Changing relations with animals
During the Jomon period, wild boar played an important role in both subsistence and ideology. A degree of animal husbandry is suggested by the presence of boar bones at Jomon sites in Hokkaido and on islands off the Pacific coast of Honshu, beyond their natural range.
Although deer bones are regularly found in Jomon shell middens, they are barely represented in Jomon material culture, while ceramic figurines of boar are relatively common.[784] Work by Koike Hiroko on faunal assemblages suggests that at certain times and places during the Jomon, there was considerable hunting pressure on larger wild animals, as well as on shellfish.[785] Populations may have become depleted, with the result that the relatively sedentary populations of larger Jomon settlements had to depend more on fish, small animals, and especially plants. These findings are backed up by more recent work at Sannai Maruyama, the largest Jomon settlement yet investigated, occupied at differing rates of intensity over nearly two millennia from 3900 to 2300 bce, where changes in lithic assemblages and low ratios of deer and wild boar in the faunal assemblages in the later stages of occupation indicate a shift to a largely plant diet, and potential over-hunting of larger animals around this long-lived settlement.[786]The significance of different animals changes during the Yayoi period, when deer start to feature in material culture depictions. For example, one survey of 364 pictorial representations on Yayoi period bronze bells found 129 pictures of deer and just 18 of wild boar. The first evidence for the domesticated pig also comes from the Yayoi period and it can be differentiated from wild boar at a number of sites in western Japan.[787] Recent work has focused on identifying the genetic forebears of Japanese pigs.[788] Perforated pig jawbones have been found at sites including Nabatake and Karako-Kagi, suggesting that they were mounted on poles, as is found in the Chinese Neolithic. At Karako-Kagi, wild boar continued to be raised in captivity.
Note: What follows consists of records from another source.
lemma square_increment_estimate:
  fixes F f :: "real \<Rightarrow> real"
  assumes f: "(f has_integral (F y - F x)) {x..y}"
    and G: "(\<lambda>r. 2 * F r * f r) integrable_on {x..y}"
    and abs_f: "(\<lambda>r. \<bar>f r\<bar>) integrable_on {x..y}"
    and close: "\<And>r. r \<in> {x..y} \<Longrightarrow> \<bar>F x - F r\<bar> \<le> e \<and> \<bar>F y - F r\<bar> \<le> e"
  shows "\<bar>F y ^ 2 - F x ^ 2 - integral {x..y} (\<lambda>r. 2 * F r * f r)\<bar>
           \<le> 2 * e * integral {x..y} (\<lambda>r. \<bar>f r\<bar>)"
proof -
  have fi: "(\<lambda>r. (F y + F x) * f r) integrable_on {x..y}"
    using f by (intro integrable_on_mult_right) auto
  have "F y ^ 2 - F x ^ 2 = (F y + F x) * (F y - F x)"
    by (simp add: power2_eq_square algebra_simps)
  also have "\<dots> = integral {x..y} (\<lambda>r. (F y + F x) * f r)"
    using integral_unique[OF f] by simp
  finally have "F y ^ 2 - F x ^ 2 - integral {x..y} (\<lambda>r. 2 * F r * f r)
      = integral {x..y} (\<lambda>r. (F y + F x - 2 * F r) * f r)"
    using integral_diff[OF fi G] by (simp add: algebra_simps)
  also have "\<bar>\<dots>\<bar> \<le> integral {x..y} (\<lambda>r. 2 * e * \<bar>f r\<bar>)"
  proof -
    have "norm (integral {x..y} (\<lambda>r. (F y + F x - 2 * F r) * f r))
        \<le> integral {x..y} (\<lambda>r. 2 * e * \<bar>f r\<bar>)"
    proof (rule integral_norm_bound_integral)
      show "(\<lambda>r. (F y + F x - 2 * F r) * f r) integrable_on {x..y}"
        using integrable_diff[OF fi G] by (simp add: algebra_simps)
      show "(\<lambda>r. 2 * e * \<bar>f r\<bar>) integrable_on {x..y}"
        using abs_f by (rule integrable_on_mult_right)
      fix r assume "r \<in> {x..y}"
      then have "\<bar>F y + F x - 2 * F r\<bar> \<le> 2 * e"
        using close by fastforce
      then show "norm ((F y + F x - 2 * F r) * f r) \<le> 2 * e * \<bar>f r\<bar>"
        by (simp add: abs_mult mult_right_mono)
    qed
    then show ?thesis
      by simp
  qed
  finally show ?thesis
    by simp
qed

lemma absolutely_integrable_continuous_mult:
  fixes F f :: "real \<Rightarrow> real"
  assumes F: "continuous_on {a..b} F" and f: "f absolutely_integrable_on {a..b}"
  shows "(\<lambda>r. F r * f r) absolutely_integrable_on {a..b}"
proof (rule absolutely_integrable_bounded_measurable_product_real)
  show "F \<in> borel_measurable (lebesgue_on {a..b})"
    by (rule continuous_imp_measurable_on_sets_lebesgue[OF F]) simp
  show "bounded (F ` {a..b})"
    by (intro compact_imp_bounded compact_continuous_image F) simp
qed (use f in auto)

lemma square_increments_small:
  fixes F f :: "real \<Rightarrow> real"
  assumes f: "f absolutely_integrable_on {a..b}"
    and F: "\<And>t. t \<in> {a..b} \<Longrightarrow> (f has_integral (F t - F a)) {a..t}"
    and e: "0 < e"
  obtains d where "0 < d"
    "\<And>x y. a \<le> x \<Longrightarrow> x \<le> y \<Longrightarrow> y \<le> b \<Longrightarrow> y - x < d \<Longrightarrow>
      \<bar>F y ^ 2 - F x ^ 2 - integral {x..y} (\<lambda>r. 2 * F r * f r)\<bar> \<le> e * integral {x..y} (\<lambda>r. \<bar>f r\<bar>)"
proof -
  have F_cont: "continuous_on {a..b} F"
    using F by (rule continuous_on_indefinite_integral)
  then have "uniformly_continuous_on {a..b} F"
    by (rule compact_uniformly_continuous[OF _ compact_Icc])
  then obtain d where d: "0 < d" and hd: "\<And>x x'. x \<in> {a..b} \<Longrightarrow> x' \<in> {a..b} \<Longrightarrow>
      dist x' x < d \<Longrightarrow> dist (F x') (F x) < e/2"
    using e by (auto simp: uniformly_continuous_on_def dest: spec[of _ "e/2"])
  have "(\<lambda>r. F r * f r) integrable_on {a..b}"
    using absolutely_integrable_continuous_mult[OF F_cont f] absolutely_integrable_on_def by blast
  then have G: "(\<lambda>r. 2 * F r * f r) integrable_on {a..b}"
    using integrable_on_mult_right[of "\<lambda>r. F r * f r" "{a..b}" 2] by (simp add: mult.assoc)
  have abs_f: "(\<lambda>r. \<bar>f r\<bar>) integrable_on {a..b}"
    using f unfolding absolutely_integrable_on_def by simp
  show ?thesis
  proof (rule that[OF d])
    fix x y assume xy: "a \<le> x" "x \<le> y" "y \<le> b" "y - x < d"
    have "\<bar>F y ^ 2 - F x ^ 2 - integral {x..y} (\<lambda>r. 2 * F r * f r)\<bar>
        \<le> 2 * (e/2) * integral {x..y} (\<lambda>r. \<bar>f r\<bar>)"
    proof (rule square_increment_estimate)
      show "(f has_integral (F y - F x)) {x..y}"
        using has_integral_between[where a=a and b=b and s=x and t=y, OF F] xy by auto
      show "(\<lambda>r. 2 * F r * f r) integrable_on {x..y}" "(\<lambda>r. \<bar>f r\<bar>) integrable_on {x..y}"
        using integrable_on_subinterval[OF G, of x y] integrable_on_subinterval[OF abs_f, of x y] xy
        by auto
      fix r assume "r \<in> {x..y}"
      then have "dist x r < d" "dist y r < d" "r \<in> {a..b}" "x \<in> {a..b}" "y \<in> {a..b}"
        using xy by (auto simp: dist_real_def)
      then have "dist (F x) (F r) < e/2" "dist (F y) (F r) < e/2"
        using hd by blast+
      then show "\<bar>F x - F r\<bar> \<le> e/2 \<and> \<bar>F y - F r\<bar> \<le> e/2"
        by (simp add: dist_real_def)
    qed
    then show "\<bar>F y ^ 2 - F x ^ 2 - integral {x..y} (\<lambda>r. 2 * F r * f r)\<bar>
        \<le> e * integral {x..y} (\<lambda>r. \<bar>f r\<bar>)"
      by simp
  qed
qed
Animal bones also featured in divinatory rituals during the Yayoi, in which hot sticks were pressed onto mainly scapula, in practices reminiscent of Chinese Shang dynasty oracle bones. Over 75 per cent of these bones were deer, followed by boar.[789]Pigs along with dogs, which were domesticated early in the Jomon, were the main domestic animals kept during the Yayoi. Although there are small numbers of horse and cattle bones from Yayoi sites in western Japan, they are not present in significant numbers until the later Kofun period.[790] Hoofprints in a Kofun period field at Kuroimine, Gunma prefecture, are evidence for the raising of horses by this time. Bones of domestic fowl are found on sites from the Yayoi period, and by the beginning of the Kofun period roosters appear in the repertoire of ceremonial material culture, including wooden examples thought to have played a role in funerary rituals, perhaps to reawaken the dead, and ceramic haniwa figures placed on burial mounds, though there is no evidence that chickens were being extensively consumed.[791] Fishing continued to be important, with evidence for specialized octopus-trapping using pots common at many Yayoi coastal sites, along with new types of net sinkers. The introduction of wet rice farming led to a restructuring of the way faunal food resources were exploited, but they continued to be an important part of the diet, helping support the increased population.